■ **EXERCISE DIRECTIONS**:
Search the listing below for the line containing "text \<open>Independent choices". From there through the line containing "imports Defs", transcribe every line exactly, both ends included.

■ **EXTRACTED DATA**:
(* Let $p_1\in[0,1]$ and let $PG_n$ be the random pentagonal chain network described in the context. Then for every $n\geq 1$, $$\mathbb{E}\big(Gut(PG_{n})\big)=(72-24p_{1})n^{3}+(72p_{1}-12)n^{2}+(1-48p_{1})n-1.$$
   Context: Random chain network $PG_n$: $PG_1$ is a $5$-cycle (pentagon). For $n\ge 1$, $PG_{n+1}$ is obtained from $PG_n$ by adding a new pentagon $O_{n+1}$ with vertices $x_1,x_2,x_3,x_4,x_5$ in cyclic (clockwise) order and adding one edge joining $x_1$ to a vertex $u_n$ of $PG_n$. The vertex $u_1$ is any vertex of $PG_1$ (all are equivalent). For $n\ge 2$, $u_n$ is a vertex of the last pentagon $O_n$ (whose vertex $x_1$ is the one joined to $u_{n-1}$): with probability $p_1$ one takes $u_n\in\{x_2,x_5\}$ of $O_n$ (the two neighbours of $x_1$ in $O_n$), and with probability $p_2=1-p_1$ one takes $u_n\in\{x_3,x_4\}$ of $O_n$ (the two vertices at distance $2$ from $x_1$ in $O_n$); $p_1,p_2$ do not depend on the step. Thus $PG_n$ has $5n$ vertices. For a graph $G$, $d(v)$ denotes the degree of vertex $v$ and $d(u,v)$ the shortest-path distance. The Gutman index is $Gut(G)=\sum_{\{u,v\}\subseteq V_G} d(u)d(v)\,d(u,v)$, the sum over unordered pairs of distinct vertices. *)

theory Defs
  imports "HOL-Probability.Probability_Mass_Function"
begin

text \<open>Vertices of PG_n: pairs (k, j), k < n the index of the pentagon (0-based: O_(k+1)),
  j < 5 the position in the pentagon in cyclic order; position 0 is x_1, positions 1..4
  are x_2..x_5.\<close>

definition pg_vertices :: "nat \<Rightarrow> (nat \<times> nat) set" where
  "pg_vertices n = {(k, j). k < n \<and> j < 5}"

text \<open>Position in pentagon k to which x_1 of pentagon k+1 is joined.
  For k = 0 this is u_1 (all vertices of PG_1 equivalent; we take position 0);
  for k \<ge> 1 it is the choice cs ! (k-1) \<in> {1,2,3,4}.\<close>

definition pg_target :: "nat list \<Rightarrow> nat \<Rightarrow> nat" where
  "pg_target cs k = (if k = 0 then 0 else cs ! (k - 1))"

definition pg_adj :: "nat \<Rightarrow> nat list \<Rightarrow> nat \<times> nat \<Rightarrow> nat \<times> nat \<Rightarrow> bool" where
  "pg_adj n cs x y \<longleftrightarrow> x \<in> pg_vertices n \<and> y \<in> pg_vertices n \<and>
     ((fst x = fst y \<and> (snd y = (snd x + 1) mod 5 \<or> snd x = (snd y + 1) mod 5))
      \<or> (fst y = fst x + 1 \<and> snd y = 0 \<and> snd x = pg_target cs (fst x))
      \<or> (fst x = fst y + 1 \<and> snd x = 0 \<and> snd y = pg_target cs (fst y)))"

definition pg_degree :: "nat \<Rightarrow> nat list \<Rightarrow> nat \<times> nat \<Rightarrow> nat" where
  "pg_degree n cs v = card {w \<in> pg_vertices n. pg_adj n cs v w}"

definition pg_dist :: "nat \<Rightarrow> nat list \<Rightarrow> nat \<times> nat \<Rightarrow> nat \<times> nat \<Rightarrow> nat" where
  "pg_dist n cs u v = (LEAST k. (pg_adj n cs ^^ k) u v)"

text \<open>Gutman index: sum over unordered pairs of distinct vertices = half of the sum over
  ordered pairs (diagonal terms vanish since d(u,u) = 0).\<close>
definition pg_gutman :: "nat \<Rightarrow> nat list \<Rightarrow> real" where
  "pg_gutman n cs = (\<Sum>u\<in>pg_vertices n. \<Sum>v\<in>pg_vertices n.
      real (pg_degree n cs u * pg_degree n cs v * pg_dist n cs u v)) / 2"

text \<open>One random choice of u_k (k \<ge> 2): with prob. p1 a neighbour of x_1 (positions 1 or 4),
  otherwise a vertex at distance 2 (positions 2 or 3); within each pair uniformly.\<close>
definition pg_choice_pmf :: "real \<Rightarrow> nat pmf" where
  "pg_choice_pmf p1 =
     bind_pmf (bernoulli_pmf p1) (\<lambda>b. map_pmf (\<lambda>s. if b then (if s then 1 else 4) else (if s then 2 else 3))
       (bernoulli_pmf (1/2)))"

text \<open>Independent choices u_2, ..., u_(m+1).\<close>
fun pg_choices_pmf :: "real \<Rightarrow> nat \<Rightarrow> nat list pmf" where
  "pg_choices_pmf p1 0 = return_pmf []"
| "pg_choices_pmf p1 (Suc m) =
     bind_pmf (pg_choices_pmf p1 m) (\<lambda>cs. map_pmf (\<lambda>c. cs @ [c]) (pg_choice_pmf p1))"

end

theory Submission
  imports Defs
begin

(* The pentagons of PG_n form a path, so a shortest path from pentagon a to pentagon b > a
   runs to the exit vertex of a (the one carrying the bridge to a + 1), then through each
   intermediate pentagon k from its entry vertex x_1 to its exit vertex, which costs
   c_k + 1 with c_k the cycle distance from x_1 to u_k, and finally from the entry vertex
   of b to the target. Weighted by degrees, the Gutman index is therefore an affine
   function of the c_k. Each inner c_k is 1 with probability p1 and 2 otherwise, so by
   linearity of expectation the c_k may be replaced by 2 - p1, and the resulting double
   sum over pairs of pentagons is a cubic polynomial in n. *)

lemma relpowp_sym:
  assumes "symp R" and "(R ^^ k) x y"
  shows "(R ^^ k) y x"
  using assms(2)
proof (induction k arbitrary: y)
  case 0
  then show ?case by simp
next
  case (Suc k)
  from \<open>(R ^^ Suc k) x y\<close> obtain w where "(R ^^ k) x w" "R w y"
    by (rule relpowp_Suc_E)
  with Suc.IH assms(1) show ?case by (metis relpowp_Suc_I2 sympD)
qed

lemma sum_lessThan_5: "(\<Sum>i<5. f i) = f 0 + f 1 + f 2 + f 3 + f (4::nat)"
  for f :: "nat \<Rightarrow> 'a::comm_monoid_add"
  by (simp add: eval_nat_numeral add.assoc)

lemma sum_symmetric_square:
  fixes f :: "nat \<Rightarrow> nat \<Rightarrow> 'a::comm_semiring_1"
  assumes "\<And>a b. f a b = f b a"
  shows "(\<Sum>a<N. \<Sum>b<N. f a b) = (\<Sum>a<N. f a a) + 2 * (\<Sum>b<N. \<Sum>a<b. f a b)"
proof (induction N)
  case 0
  then show ?case by simp
next
  case (Suc N)
  have "(\<Sum>a<Suc N. \<Sum>b<Suc N. f a b) =
      (\<Sum>a<N. \<Sum>b<N. f a b) + (\<Sum>a<N. f a N) + (\<Sum>b<N. f N b) + f N N"
    by (simp add: sum.distrib add_ac)
  also have "(\<Sum>b<N. f N b) = (\<Sum>a<N. f a N)"
    using assms by simp
  finally show ?case
    using Suc by (simp add: algebra_simps mult_2)
qed

lemma sum_product_affine:
  fixes f g x y :: "'i \<Rightarrow> 'a::comm_semiring_1"
  shows "(\<Sum>i\<in>I. \<Sum>j\<in>J. f i * g j * (d + x i + y j)) =
    d * sum f I * sum g J + sum g J * (\<Sum>i\<in>I. f i * x i) + sum f I * (\<Sum>j\<in>J. g j * y j)"
  by (simp add: sum.distrib sum_distrib_left sum_distrib_right algebra_simps sum.swap[of _ J])

section \<open>A single pentagon\<close>

definition cyc_dist :: "nat \<Rightarrow> nat \<Rightarrow> nat" where
  "cyc_dist i j = min ((i + 5 - j) mod 5) ((j + 5 - i) mod 5)"

lemma less_five_iff: "(i::nat) < 5 \<longleftrightarrow> i = 0 \<or> i = 1 \<or> i = 2 \<or> i = 3 \<or> i = 4"
  by auto

lemma cyc_dist_commute: "cyc_dist i j = cyc_dist j i"
  unfolding cyc_dist_def by (simp add: min.commute)

lemma cyc_dist_self [simp]: "cyc_dist i i = 0"
  unfolding cyc_dist_def by simp

lemma cyc_dist_adjacent_le:
  assumes "i < 5" "j < 5" "z < 5" "j = (i + 1) mod 5 \<or> i = (j + 1) mod 5"
  shows "cyc_dist z j \<le> cyc_dist z i + 1"
  using assms unfolding cyc_dist_def less_five_iff by (elim disjE) simp_all

text \<open>Degrees in a pentagon whose entry vertex sits at position 0 and whose exit vertex at
  position t; the flags tell whether the bridges to the previous and next pentagon exist.\<close>

definition pent_deg :: "bool \<Rightarrow> bool \<Rightarrow> nat \<Rightarrow> nat \<Rightarrow> real" where
  "pent_deg entry exit t i = 2 + of_bool (entry \<and> i = 0) + of_bool (exit \<and> i = t)"

lemma sum_pent_deg:
  "(exit \<Longrightarrow> t < 5) \<Longrightarrow> (\<Sum>i<5. pent_deg entry exit t i) = 10 + of_bool entry + of_bool exit"
  by (cases entry; cases exit) (auto simp: sum_lessThan_5 pent_deg_def less_five_iff)

lemma sum_pent_deg_dist_entry:
  "(exit \<Longrightarrow> t < 5) \<Longrightarrow>
    (\<Sum>i<5. pent_deg entry exit t i * cyc_dist 0 i) = 12 + of_bool exit * cyc_dist 0 t"
  by (cases entry; cases exit) (auto simp: sum_lessThan_5 pent_deg_def less_five_iff cyc_dist_def)

lemma sum_pent_deg_dist_exit:
  "t < 5 \<Longrightarrow> (\<Sum>i<5. pent_deg entry exit t i * cyc_dist i t) = 12 + of_bool entry * cyc_dist 0 t"
  by (cases entry; cases exit) (auto simp: sum_lessThan_5 pent_deg_def less_five_iff cyc_dist_def)

lemma pentagon_gutman:
  assumes "exit \<Longrightarrow> t < 5" and "entry \<Longrightarrow> exit \<Longrightarrow> t \<noteq> 0"
  shows "(\<Sum>i<5. \<Sum>j<5. pent_deg entry exit t i * pent_deg entry exit t j * cyc_dist i j) =
    2 * (60 + 12 * of_bool entry + 12 * of_bool exit + of_bool (entry \<and> exit) * cyc_dist 0 t)"
  using assms
  by (cases entry; cases exit) (auto simp: sum_lessThan_5 pent_deg_def less_five_iff cyc_dist_def)

section \<open>Distances, degrees and the Gutman index of a pentagon chain\<close>

definition exit_offset :: "nat list \<Rightarrow> nat \<Rightarrow> nat" where
  "exit_offset cs k = cyc_dist 0 (pg_target cs k)"

definition pent_weight :: "nat \<Rightarrow> nat \<Rightarrow> real" where
  "pent_weight n a = 10 + of_bool (0 < a) + of_bool (a + 1 < n)"

definition chain_depth :: "(nat \<Rightarrow> real) \<Rightarrow> nat \<Rightarrow> real" where
  "chain_depth c b = (\<Sum>m<b. c m + 1)"

text \<open>The Gutman index of a chain of n pentagons in which pentagon k has entry-to-exit
  distance c k. The first sum collects the pairs inside one pentagon. For a < b the pairs
  from pentagons a and b contribute the gap chain_depth c b - chain_depth c a - c a between
  the exit of a and the entry of b times both degree sums, plus the degree-weighted
  distances to the exit of a and from the entry of b, each of which equals 12 + c.\<close>

definition chain_gutman :: "nat \<Rightarrow> (nat \<Rightarrow> real) \<Rightarrow> real" where
  "chain_gutman n c =
    (\<Sum>a<n. 60 + 12 * of_bool (0 < a) + 12 * of_bool (a + 1 < n) + c a) +
    (\<Sum>b<n. \<Sum>a<b. pent_weight n a * pent_weight n b * (chain_depth c b - chain_depth c a - c a)
        + pent_weight n a * (12 + c b) + pent_weight n b * (12 + c a))"

text \<open>The last pentagon has no exit, and pg_target reads beyond cs there, so its offset is
  set to 0; the first one has offset 0 as its exit is x_1 itself.\<close>

definition exit_offsets :: "nat \<Rightarrow> nat list \<Rightarrow> nat \<Rightarrow> real" where
  "exit_offsets n cs k = (if k + 1 < n then real (exit_offset cs k) else 0)"

locale pentagon_chain =
  fixes n :: nat and cs :: "nat list"
  assumes inner_target: "\<And>k. 0 < k \<Longrightarrow> k + 1 < n \<Longrightarrow> pg_target cs k \<in> {1, 2, 3, 4}"
begin

abbreviation adj :: "nat \<times> nat \<Rightarrow> nat \<times> nat \<Rightarrow> bool" where
  "adj \<equiv> pg_adj n cs"

abbreviation tgt :: "nat \<Rightarrow> nat" where
  "tgt \<equiv> pg_target cs"

lemma tgt_0 [simp]: "tgt 0 = 0"
  by (simp add: pg_target_def)

lemma tgt_less_5: "k + 1 < n \<Longrightarrow> tgt k < 5"
  using inner_target[of k] by (cases "k = 0") auto

lemma mem_pg_vertices [simp]: "(a, i) \<in> pg_vertices n \<longleftrightarrow> a < n \<and> i < 5"
  by (simp add: pg_vertices_def)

■ **OUTPUT OF THE EXERCISE**:
text \<open>Independent choices u_2, ..., u_(m+1).\<close>
fun pg_choices_pmf :: "real \<Rightarrow> nat \<Rightarrow> nat list pmf" where
  "pg_choices_pmf p1 0 = return_pmf []"
| "pg_choices_pmf p1 (Suc m) =
     bind_pmf (pg_choices_pmf p1 m) (\<lambda>cs. map_pmf (\<lambda>c. cs @ [c]) (pg_choice_pmf p1))"

end

theory Submission
  imports Defs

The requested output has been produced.